■ Extracted information ■
(* Let $X$ be a locally compact metrizable space, $F$ a discrete multivalued dynamical system on $X$ and $N$ an isolating neighborhood for $F$. Then for every $n\in\mathbb{N}$ there exist weak index pairs $P^1,\dots,P^n$ in $N$ such that $P^i_1\subset\operatorname{int}_N P^{i+1}_1$ and $P^i_2\subset\operatorname{int}_N P^{i+1}_2$ for $i=1,\dots,n-1$.
   Context: A discrete multivalued dynamical system (dmds) on $X$ is a usc map $F:X\times\mathbb{Z}\multimap X$ with compact values such that $F(x,0)=\{x\}$; $F(F(x,n),m)=F(x,n+m)$ whenever $nm\ge0$; $y\in F(x,-1)\iff x\in F(y,1)$; it is identified with its generator $F=F(\cdot,1)$. A solution through $x$ on an interval $I\ni0$ of $\mathbb{Z}$ is $\sigma:I\to X$ with $\sigma(0)=x$, $\sigma(n+1)\in F(\sigma(n))$; $\operatorname{Inv}N$ is the set of $x\in N$ with a solution $\sigma:\mathbb{Z}\to N$ through $x$. A compact $N$ is an isolating neighborhood if $\operatorname{Inv}N\subset\operatorname{int}N$. With $\operatorname{bd}_FA:=\operatorname{cl}A\cap\operatorname{cl}(F(A)\setminus A)$, a weak index pair in $N$ is a pair of compact sets $P_2\subset P_1\subset N$ with (a) $F(P_i)\cap N\subset P_i$ for $i=1,2$, (b) $\operatorname{bd}_FP_1\subset P_2$, (c) $\operatorname{Inv}N\subset\operatorname{int}(P_1\setminus P_2)$, (d) $P_1\setminus P_2\subset\operatorname{int}N$. $\operatorname{int}_N$ denotes interior relative to $N$. *)

theory Defs
  imports "HOL-Analysis.Analysis"
begin

text \<open>A multivalued map F : X x Z -o X is represented as F :: 'a => int => 'a set,
  with F x n standing for F(x,n). The space X is the type 'a (a metric space).\<close>

definition usc_map :: "('b::topological_space \<Rightarrow> 'a::topological_space set) \<Rightarrow> bool" where
  "usc_map G \<longleftrightarrow> (\<forall>z U. open U \<and> G z \<subseteq> U \<longrightarrow>
      (\<exists>W. open W \<and> z \<in> W \<and> (\<forall>w\<in>W. G w \<subseteq> U)))"

definition dmds :: "('a::metric_space \<Rightarrow> int \<Rightarrow> 'a set) \<Rightarrow> bool" where
  "dmds F \<longleftrightarrow>
     usc_map (\<lambda>(x, n). F x n) \<and>
     (\<forall>x n. compact (F x n)) \<and>
     (\<forall>x. F x 0 = {x}) \<and>
     (\<forall>x n m. n * m \<ge> 0 \<longrightarrow> (\<Union>y\<in>F x n. F y m) = F x (n + m)) \<and>
     (\<forall>x y. y \<in> F x (-1) \<longleftrightarrow> x \<in> F y 1)"

definition img :: "('a \<Rightarrow> int \<Rightarrow> 'a set) \<Rightarrow> 'a set \<Rightarrow> 'a set" where
  "img F A = (\<Union>x\<in>A. F x 1)"

definition Inv :: "('a \<Rightarrow> int \<Rightarrow> 'a set) \<Rightarrow> 'a set \<Rightarrow> 'a set" where
  "Inv F N = {x \<in> N. \<exists>\<sigma>::int \<Rightarrow> 'a. \<sigma> 0 = x \<and> (\<forall>n. \<sigma> n \<in> N) \<and>
                        (\<forall>n. \<sigma> (n + 1) \<in> F (\<sigma> n) 1)}"

definition isolating_nbhd :: "('a::metric_space \<Rightarrow> int \<Rightarrow> 'a set) \<Rightarrow> 'a set \<Rightarrow> bool" where
  "isolating_nbhd F N \<longleftrightarrow> compact N \<and> Inv F N \<subseteq> interior N"

definition bdF :: "('a::metric_space \<Rightarrow> int \<Rightarrow> 'a set) \<Rightarrow> 'a set \<Rightarrow> 'a set" where
  "bdF F A = closure A \<inter> closure (img F A - A)"

definition weak_index_pair ::
    "('a::metric_space \<Rightarrow> int \<Rightarrow> 'a set) \<Rightarrow> 'a set \<Rightarrow> 'a set \<Rightarrow> 'a set \<Rightarrow> bool" where
  "weak_index_pair F N P1 P2 \<longleftrightarrow>
     compact P1 \<and> compact P2 \<and> P2 \<subseteq> P1 \<and> P1 \<subseteq> N \<and>
     img F P1 \<inter> N \<subseteq> P1 \<and> img F P2 \<inter> N \<subseteq> P2 \<and>
     bdF F P1 \<subseteq> P2 \<and>
     Inv F N \<subseteq> interior (P1 - P2) \<and>
     P1 - P2 \<subseteq> interior N"

definition intN :: "'a::topological_space set \<Rightarrow> 'a set \<Rightarrow> 'a set" where
  "intN N A = (top_of_set N) interior_of A"

end

theory Submission imports Defs begin

text \<open>Write \<open>fwd C j\<close> for the endpoints of \<open>j\<close>-step trajectories in \<open>N\<close> starting in \<open>C\<close>
  and \<open>bwd Z i\<close> for the starting points of \<open>i\<close>-step trajectories in \<open>N\<close> ending in \<open>Z\<close>.
  Upper semicontinuity and compactness give \<open>Inv N = (\<Inter>k. fwd N k) \<inter> (\<Inter>k. bwd N k)\<close>, so
  isolation yields a time \<open>m\<close> at which no frontier point of \<open>N\<close> lies in \<open>fwd N m \<inter> bwd N m\<close>.
  For a compact neighbourhood \<open>K\<close> of \<open>Inv N\<close> whose orbit pieces avoid the frontier points of
  \<open>bwd N m\<close>, the set \<open>P\<^sub>1 = (\<Union>j<m. fwd K j) \<union> fwd N m\<close> is positively invariant in \<open>N\<close>,
  and \<open>P\<^sub>2\<close>, the orbit piece of a compact \<open>L \<subseteq> P\<^sub>1\<close> containing \<open>P\<^sub>1 \<inter> frontier N\<close> but
  missing \<open>bwd N m\<close>, is positively invariant too; this is a weak index pair.
  These conditions are open in \<open>K\<close> and \<open>L\<close>: replacing \<open>K\<close> by a small closed
  \<open>\<delta>\<close>-neighbourhood of \<open>P\<^sub>1\<close> in \<open>N\<close> and \<open>L\<close> by a neighbourhood of \<open>P\<^sub>2\<close> preserves them, by a
  nested-compact-sets argument, and puts the old pair into the relative interior of the new one.
  Iterating gives an infinite nested sequence.\<close>

lemma compact_decseq_Inter_nonempty:
  fixes C :: "nat \<Rightarrow> 'a::t2_space set"
  assumes "\<And>k. compact (C k)" and "decseq C" and "\<And>k. C k \<noteq> {}"
  shows "(\<Inter>k. C k) \<noteq> {}"
proof -
  have "compact_space (top_of_set (C 0))"
    using assms(1) by (simp add: compact_space_subtopology)
  moreover have "closedin (top_of_set (C 0)) (C k)" for k
    using assms(1) decseqD[OF assms(2), of 0 k] by (simp add: closed_subset compact_imp_closed)
  ultimately show ?thesis
    using compact_space_imp_nest assms(2,3) by blast
qed

lemma compact_decseq_eventually_empty:
  fixes C :: "nat \<Rightarrow> 'a::t2_space set"
  assumes "\<And>k. compact (C k)" and "decseq C" and "(\<Inter>k. C k) = {}"
  shows "eventually (\<lambda>k. C k = {}) sequentially"
proof (rule ccontr)
  assume never_empty: "\<not> eventually (\<lambda>k. C k = {}) sequentially"
  have "C k \<noteq> {}" for k
  proof
    assume "C k = {}"
    then have "\<forall>n\<ge>k. C n = {}"
      using decseqD[OF assms(2), of k] by auto
    then show False
      using never_empty unfolding eventually_sequentially by blast
  qed
  then show False
    using compact_decseq_Inter_nonempty[OF assms(1,2)] assms(3) by blast
qed

lemma closed_meets_usc_map:
  assumes "usc_map G" and "closed C"
  shows "closed {y. G y \<inter> C \<noteq> {}}"
proof -
  have "\<exists>W. open W \<and> y \<in> W \<and> W \<subseteq> {y. G y \<subseteq> - C}" if "y \<in> {y. G y \<subseteq> - C}" for y
  proof -
    have "open (- C) \<and> G y \<subseteq> - C"
      using assms(2) that by auto
    then obtain W where "open W" "y \<in> W" "\<forall>w\<in>W. G w \<subseteq> - C"
      using assms(1)[unfolded usc_map_def, rule_format, of "- C" y] by blast
    then show ?thesis by blast
  qed
  then have "open {y. G y \<subseteq> - C}"
    by (subst open_subopen) (rule ballI)
  moreover have "{y. G y \<inter> C \<noteq> {}} = - {y. G y \<subseteq> - C}" by blast
  ultimately show ?thesis
    by (simp add: closed_open)
qed

lemma usc_map_slice:
  assumes "usc_map (\<lambda>(x, n). G x n)"
  shows "usc_map (\<lambda>x. G x n)"
  unfolding usc_map_def
proof (intro allI impI)
  fix x U assume xU: "open U \<and> G x n \<subseteq> U"
  have H: "usc_map (\<lambda>p. G (fst p) (snd p))"
    using assms by (simp add: case_prod_beta')
  have "\<exists>W. open W \<and> (x, n) \<in> W \<and> (\<forall>w\<in>W. G (fst w) (snd w) \<subseteq> U)"
    using H[unfolded usc_map_def, THEN spec, THEN spec, THEN mp, of U "(x, n)"] xU by simp
  then obtain W where W: "open W" "(x, n) \<in> W" "\<forall>w\<in>W. G (fst w) (snd w) \<subseteq> U"
    by blast
  obtain A B where A: "open A" "open B" "(x, n) \<in> A \<times> B" "A \<times> B \<subseteq> W"
    by (rule open_prod_elim[OF W(1,2)])
  have "G w n \<subseteq> U" if "w \<in> A" for w
    using W(3) A(3,4) that by (metis SigmaE2 SigmaI fst_conv snd_conv subsetD)
  then show "\<exists>A. open A \<and> x \<in> A \<and> (\<forall>w\<in>A. G w n \<subseteq> U)"
    using A(1,3) by blast
qed

lemma closed_nbhd_avoiding:
  fixes P A :: "'a::metric_space set"
  assumes "compact P" and "closed A" and "P \<inter> A = {}"
  shows "\<exists>E \<eta>. closed E \<and> E \<inter> A = {} \<and> \<eta> > 0 \<and> (\<forall>x\<in>P. ball x \<eta> \<subseteq> E)"
proof -
  consider "A = {}" | "P = {}" | "A \<noteq> {}" "P \<noteq> {}" by blast
  then show ?thesis
  proof cases
    case 1
    then show ?thesis by (intro exI[of _ UNIV] exI[of _ 1]) simp
  next
    case 2
    then show ?thesis by (intro exI[of _ "{}"] exI[of _ 1]) simp
  next
    case 3
    have "continuous_on P (\<lambda>x. infdist x A)"
      by (intro continuous_intros)
    then obtain x0 where x0: "x0 \<in> P" "\<And>y. y \<in> P \<Longrightarrow> infdist x0 A \<le> infdist y A"
      using continuous_attains_inf[OF assms(1) 3(2)] by blast
    define e where "e = infdist x0 A"
    have "e > 0"
      using x0(1) assms(2,3) 3(1) infdist_pos_not_in_closed unfolding e_def by blast
    define E where "E = {y. e/2 \<le> infdist y A}"
    have "closed E"
      unfolding E_def by (intro closed_Collect_le continuous_intros)
    moreover have "E \<inter> A = {}"
      unfolding E_def using \<open>e > 0\<close> by auto
    moreover have "ball x (e/2) \<subseteq> E" if "x \<in> P" for x
    proof
      fix y assume "y \<in> ball x (e/2)"
      moreover have "infdist x A \<le> infdist y A + dist x y" by (rule infdist_triangle)
      moreover have "e \<le> infdist x A" using x0(2) that unfolding e_def .
      ultimately show "y \<in> E" unfolding E_def by simp
    qed
    ultimately show ?thesis
      using \<open>e > 0\<close> by (intro exI[of _ E] exI[of _ "e/2"]) simp
  qed
qed

lemma in_intN_ballI:
  fixes N A :: "'a::metric_space set"
  assumes "x \<in> N" and "e > 0" and "N \<inter> ball x e \<subseteq> A"
  shows "x \<in> intN N A"
proof -
  have "openin (top_of_set N) (N \<inter> ball x e)"
    by (simp add: openin_open_Int)
  moreover have "x \<in> N \<inter> ball x e"
    using assms(1,2) by simp
  ultimately show ?thesis
    using assms(3) unfolding intN_def interior_of_def by blast
qed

■ Description of the task ■
Go line by line through the data, copying each one that contains the word "assumes".

■ Task solution ■
  assumes "\<And>k. compact (C k)" and "decseq C" and "\<And>k. C k \<noteq> {}"
  assumes "\<And>k. compact (C k)" and "decseq C" and "(\<Inter>k. C k) = {}"
  assumes "usc_map G" and "closed C"
  assumes "usc_map (\<lambda>(x, n). G x n)"
  assumes "compact P" and "closed A" and "P \<inter> A = {}"
  assumes "x \<in> N" and "e > 0" and "N \<inter> ball x e \<subseteq> A"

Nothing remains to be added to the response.